__Action item__.
Start at the line in the entries below that contains "x \<noteq> 0", stop at the line that contains "text \<open>\<open>q = L\<^sup>-\<^sup>1", and output exactly the lines in that span, both ends included.

[Records provided]

lemma pot: "f (pot z) < 0" "f1 (pot z) + z * f (pot z) = 0"
proof -
  have "f (pot z) < 0 \<and> f1 (pot z) + z * f (pot z) = 0"
    unfolding pot_def by (rule theI') (use balance_exists balance_unique in blast)
  thus "f (pot z) < 0" "f1 (pot z) + z * f (pot z) = 0" by auto
qed

lemma pot_eqI: "f t < 0 \<Longrightarrow> f1 t + z * f t = 0 \<Longrightarrow> pot z = t"
  using pot balance_unique by blast

lemma ratio_pot: "ratio (pot z) = z"
  using pot balance_iff_ratio by blast

lemma pot_ratio: "f t < 0 \<Longrightarrow> pot (ratio t) = t"
  by (rule pot_eqI) (auto simp: ratio_def field_simps)

text \<open>As a local inverse of the strictly increasing function \<open>ratio\<close>, \<open>pot\<close> is continuous and
  differentiable, with derivative \<open>1 / ratio' (pot z)\<close>.\<close>

lemma isCont_pot: "isCont pot z"
proof -
  let ?x = "pot z"
  have "eventually (\<lambda>u. f u < 0) (at ?x)"
    using order_tendstoD(2)[OF isCont_f[of ?x, unfolded isCont_def] pot(1)] .
  then obtain e where e: "e > 0" "\<And>u. u \<noteq> ?x \<Longrightarrow> dist u ?x < e \<Longrightarrow> f u < 0"
    unfolding eventually_at by blast
  have neg: "f u < 0" if "\<bar>u - ?x\<bar> \<le> e/2" for u
    using e that pot(1) by (cases "u = ?x") (auto simp: dist_real_def)
  have "isCont pot (ratio ?x)"
  proof (rule isCont_inverse_function[where d="e/2" and f=ratio and g=pot and x="?x"])
    show "0 < e/2" using e by simp
    show "pot (ratio u) = u" if "\<bar>u - ?x\<bar> \<le> e/2" for u
      using pot_ratio neg that by blast
    show "isCont ratio u" if "\<bar>u - ?x\<bar> \<le> e/2" for u
      unfolding ratio_def[abs_def] using neg[OF that]
      by (intro continuous_intros isCont_f isCont_f1) auto
  qed
  thus ?thesis using ratio_pot by simp
qed

lemma continuous_on_pot: "continuous_on S pot"
  by (simp add: isCont_pot continuous_at_imp_continuous_on)

lemma has_real_derivative_pot: "(pot has_real_derivative inverse (ratio_deriv (pot z))) (at z)"
proof (rule DERIV_inverse_function[where a = "z - 1" and b = "z + 1"])
  show "(ratio has_real_derivative ratio_deriv (pot z)) (at (pot z))"
    using has_real_derivative_ratio[of "pot z"] pot(1)[of z] by simp
  show "ratio_deriv (pot z) \<noteq> 0" using ratio_deriv_pos pot(1) by (metis less_irrefl)
qed (auto simp: ratio_pot isCont_pot)

definition vol :: "real \<Rightarrow> real \<Rightarrow> real" where
  "vol A Q = - A / f (pot (Q / A))"

definition vol_den :: "real \<Rightarrow> real \<Rightarrow> real" where
  "vol_den A Q = (Q / vol A Q)\<^sup>2 + f2 (pot (Q / A)) * (A / vol A Q)"

definition vol_dA :: "real \<Rightarrow> real \<Rightarrow> real" where
  "vol_dA A Q = inverse (vol_den A Q) * f2 (pot (Q / A))"

definition vol_dQ :: "real \<Rightarrow> real \<Rightarrow> real" where
  "vol_dQ A Q = inverse (vol_den A Q) * (Q / vol A Q)"

lemma vol_pos: "A > 0 \<Longrightarrow> vol A Q > 0"
  unfolding vol_def using pot(1) by (simp add: divide_pos_neg)

lemma vol_den_pos: "A > 0 \<Longrightarrow> vol_den A Q > 0"
  unfolding vol_den_def using vol_pos f2_pos
  by (intro add_nonneg_pos) (simp_all add: mult_pos_pos)

lemma vol_dA_pos: "A > 0 \<Longrightarrow> vol_dA A Q > 0"
  unfolding vol_dA_def using vol_den_pos f2_pos by simp

text \<open>At the balance point \<open>f' = -(Q/A) f\<close>, so with \<open>v = -A/f\<close> the denominator equals
  \<open>(Q f/A)\<^sup>2 - f'' f\<close>, i.e. \<open>f\<^sup>2\<close> times the derivative of \<open>ratio\<close>.\<close>

lemma vol_den_alt:
  assumes "A > 0"
  shows "vol_den A Q = (Q * f (pot (Q / A)) / A)\<^sup>2 - f2 (pot (Q / A)) * f (pot (Q / A))"
  unfolding vol_den_def vol_def using pot(1)[of "Q / A"] assms
  by (simp add: field_simps power2_eq_square)

lemma vol_den_eq_ratio_deriv:
  assumes "A > 0"
  shows "vol_den A Q = f (pot (Q / A)) * f (pot (Q / A)) * ratio_deriv (pot (Q / A))"
proof -
  let ?t = "pot (Q / A)"
  have f1t: "f1 ?t = - (Q * f ?t / A)" using pot(2)[of "Q / A"] assms by (simp add: field_simps)
  show ?thesis
    unfolding vol_den_alt[OF assms] ratio_deriv_def f1t using pot(1)[of "Q / A"] assms
    by (simp add: field_simps power2_eq_square)
qed

lemma has_derivative_vol:
  assumes A: "A > 0"
  shows "((\<lambda>(a, q). vol a q) has_derivative (\<lambda>(h, k). vol_dA A Q * h + vol_dQ A Q * k)) (at (A, Q))"
proof -
  define t where "t = pot (Q / A)"
  define D where "D = vol_den A Q"
  have ft: "f t < 0" and f1t: "f1 t = - (Q * f t / A)"
    using pot[of "Q / A"] A unfolding t_def by (auto simp: field_simps)
  have D: "D > 0" using vol_den_pos[OF A, of Q] unfolding D_def .
  have rd: "ratio_deriv t = D / (f t * f t)"
    using vol_den_eq_ratio_deriv[OF A, of Q] ft unfolding D_def t_def[symmetric] by simp
  have f2t: "f2 t = ((Q * f t / A)\<^sup>2 - D) / f t"
    using vol_den_alt[OF A, of Q] ft unfolding D_def t_def[symmetric] by (simp add: field_simps)
  have dfpot: "((\<lambda>z. f (pot z)) has_real_derivative f1 t * inverse (ratio_deriv t))
      (at (snd (A, Q) / fst (A, Q)))"
    using DERIV_chain2[OF f_deriv has_real_derivative_pot] unfolding t_def by simp
  have dquot: "((\<lambda>x. snd x / fst x) has_derivative (\<lambda>h. (snd h * A - Q * fst h) / (A * A))) (at (A, Q))"
    using A by (auto intro!: derivative_eq_intros)
  have dG: "((\<lambda>x. f (pot (snd x / fst x))) has_derivative
      (\<lambda>h. (snd h * A - Q * fst h) / (A * A) * (f1 t * inverse (ratio_deriv t)))) (at (A, Q))"
    using DERIV_compose_FDERIV[OF dfpot dquot] .
  have "((\<lambda>x. - fst x / f (pot (snd x / fst x))) has_derivative
      (\<lambda>h. (- fst h * f t - - A * ((snd h * A - Q * fst h) / (A * A) * (f1 t * inverse (ratio_deriv t))))
        / (f t * f t))) (at (A, Q))"
    using has_derivative_divide'[OF has_derivative_minus[OF has_derivative_fst[OF has_derivative_ident]] dG] ft
    unfolding t_def by simp
  moreover have "(\<lambda>(a, q). vol a q) = (\<lambda>x. - fst x / f (pot (snd x / fst x)))"
    by (simp add: vol_def case_prod_unfold)
  moreover have "(\<lambda>h. (- fst h * f t - - A * ((snd h * A - Q * fst h) / (A * A)
        * (f1 t * inverse (ratio_deriv t)))) / (f t * f t)) = (\<lambda>(h, k). vol_dA A Q * h + vol_dQ A Q * k)"
    unfolding vol_dA_def vol_dQ_def vol_def t_def[symmetric] D_def[symmetric] case_prod_unfold rd
    using vol_derivative_identity[OF _ _ _ f1t f2t] ft A D by simp
  ultimately show ?thesis by simp
qed

lemma continuous_on_comp_pot:
  assumes "continuous_on UNIV g"
  shows "continuous_on ({0<..} \<times> UNIV) (\<lambda>x. g (pot (snd x / fst x)))"
proof -
  have "continuous_on ({0<..} \<times> UNIV) (\<lambda>x. pot (snd x / fst x))"
    by (rule continuous_on_compose2[OF continuous_on_pot]) (auto intro!: continuous_intros)
  thus ?thesis by (rule continuous_on_compose2[OF assms]) auto
qed

lemma continuous_on_vol: "continuous_on ({0<..} \<times> UNIV) (\<lambda>x. vol (fst x) (snd x))"
  unfolding vol_def using pot(1)
  by (intro continuous_intros continuous_on_comp_pot continuous_on_f) (auto simp: less_imp_neq)

lemma continuous_on_vol_den: "continuous_on ({0<..} \<times> UNIV) (\<lambda>x. vol_den (fst x) (snd x))"
  unfolding vol_den_def
  by (intro continuous_intros continuous_on_comp_pot continuous_on_vol f2_cont)
    (auto simp: vol_pos[THEN order_less_imp_not_eq2])

lemma continuous_on_vol_dA: "continuous_on ({0<..} \<times> UNIV) (\<lambda>(a, q). vol_dA a q)"
  unfolding vol_dA_def case_prod_unfold
  by (intro continuous_intros continuous_on_comp_pot continuous_on_vol_den f2_cont)
    (auto simp: vol_den_pos[THEN order_less_imp_not_eq2])

lemma continuous_on_vol_dQ: "continuous_on ({0<..} \<times> UNIV) (\<lambda>(a, q). vol_dQ a q)"
  unfolding vol_dQ_def case_prod_unfold
  by (intro continuous_intros continuous_on_vol continuous_on_vol_den)
    (auto simp: vol_pos[THEN order_less_imp_not_eq2] vol_den_pos[THEN order_less_imp_not_eq2])

end

locale pump_leak =
  fixes zv ce p :: "real^'n" and L :: "real^'n^'n"
  assumes valence_nonzero: "\<exists>k. zv$k \<noteq> 0"
    and ce_pos: "\<And>k. ce$k > 0"
    and neutral: "(\<Sum>k\<in>UNIV. zv$k * ce$k) = 0"
    and L_pd: "\<And>x. x \<noteq> 0 \<Longrightarrow> x \<bullet> (L *v x) > 0"
begin

text \<open>\<open>q = L\<^sup>-\<^sup>1 p\<close>; at a steady state the chemical potentials are \<open>-q\<close>, so the concentrations are the
  Boltzmann concentrations \<open>conc \<phi>\<close>, and \<open>fpl\<close> and its derivatives are sums over them.\<close>

definition q_vec :: "real^'n" where
  "q_vec = matrix_inv L *v p"

definition conc :: "real \<Rightarrow> real^'n" where
  "conc \<phi> = (\<chi> k. ce$k * exp (- q_vec$k - zv$k * \<phi>))"

definition dfpl :: "real \<Rightarrow> real" where
  "dfpl \<phi> = (\<Sum>k\<in>UNIV. ce$k * (exp (- q_vec$k - zv$k * \<phi>) * (- zv$k)))"

definition ddfpl :: "real \<Rightarrow> real" where
  "ddfpl \<phi> = (\<Sum>k\<in>UNIV. ce$k * (exp (- q_vec$k - zv$k * \<phi>) * (zv$k * zv$k)))"

lemma fpl_eq: "fpl zv ce L p = (\<lambda>\<phi>. \<Sum>k\<in>UNIV. ce$k * (exp (- q_vec$k - zv$k * \<phi>) - 1))"
  by (simp add: fpl_def q_vec_def fun_eq_iff)

lemma sum_conc: "(\<Sum>k\<in>UNIV. conc \<phi> $ k) = fpl zv ce L p \<phi> + (\<Sum>k\<in>UNIV. ce$k)"
  by (simp add: fpl_eq conc_def right_diff_distrib sum_subtractf)

lemma charge_conc: "(\<Sum>k\<in>UNIV. zv$k * conc \<phi> $ k) = - dfpl \<phi>"
  by (simp add: dfpl_def conc_def sum_negf[symmetric] algebra_simps)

[/Records provided]

__Finished exercise__.
    and L_pd: "\<And>x. x \<noteq> 0 \<Longrightarrow> x \<bullet> (L *v x) > 0"
begin

text \<open>\<open>q = L\<^sup>-\<^sup>1 p\<close>; at a steady state the chemical potentials are \<open>-q\<close>, so the concentrations are the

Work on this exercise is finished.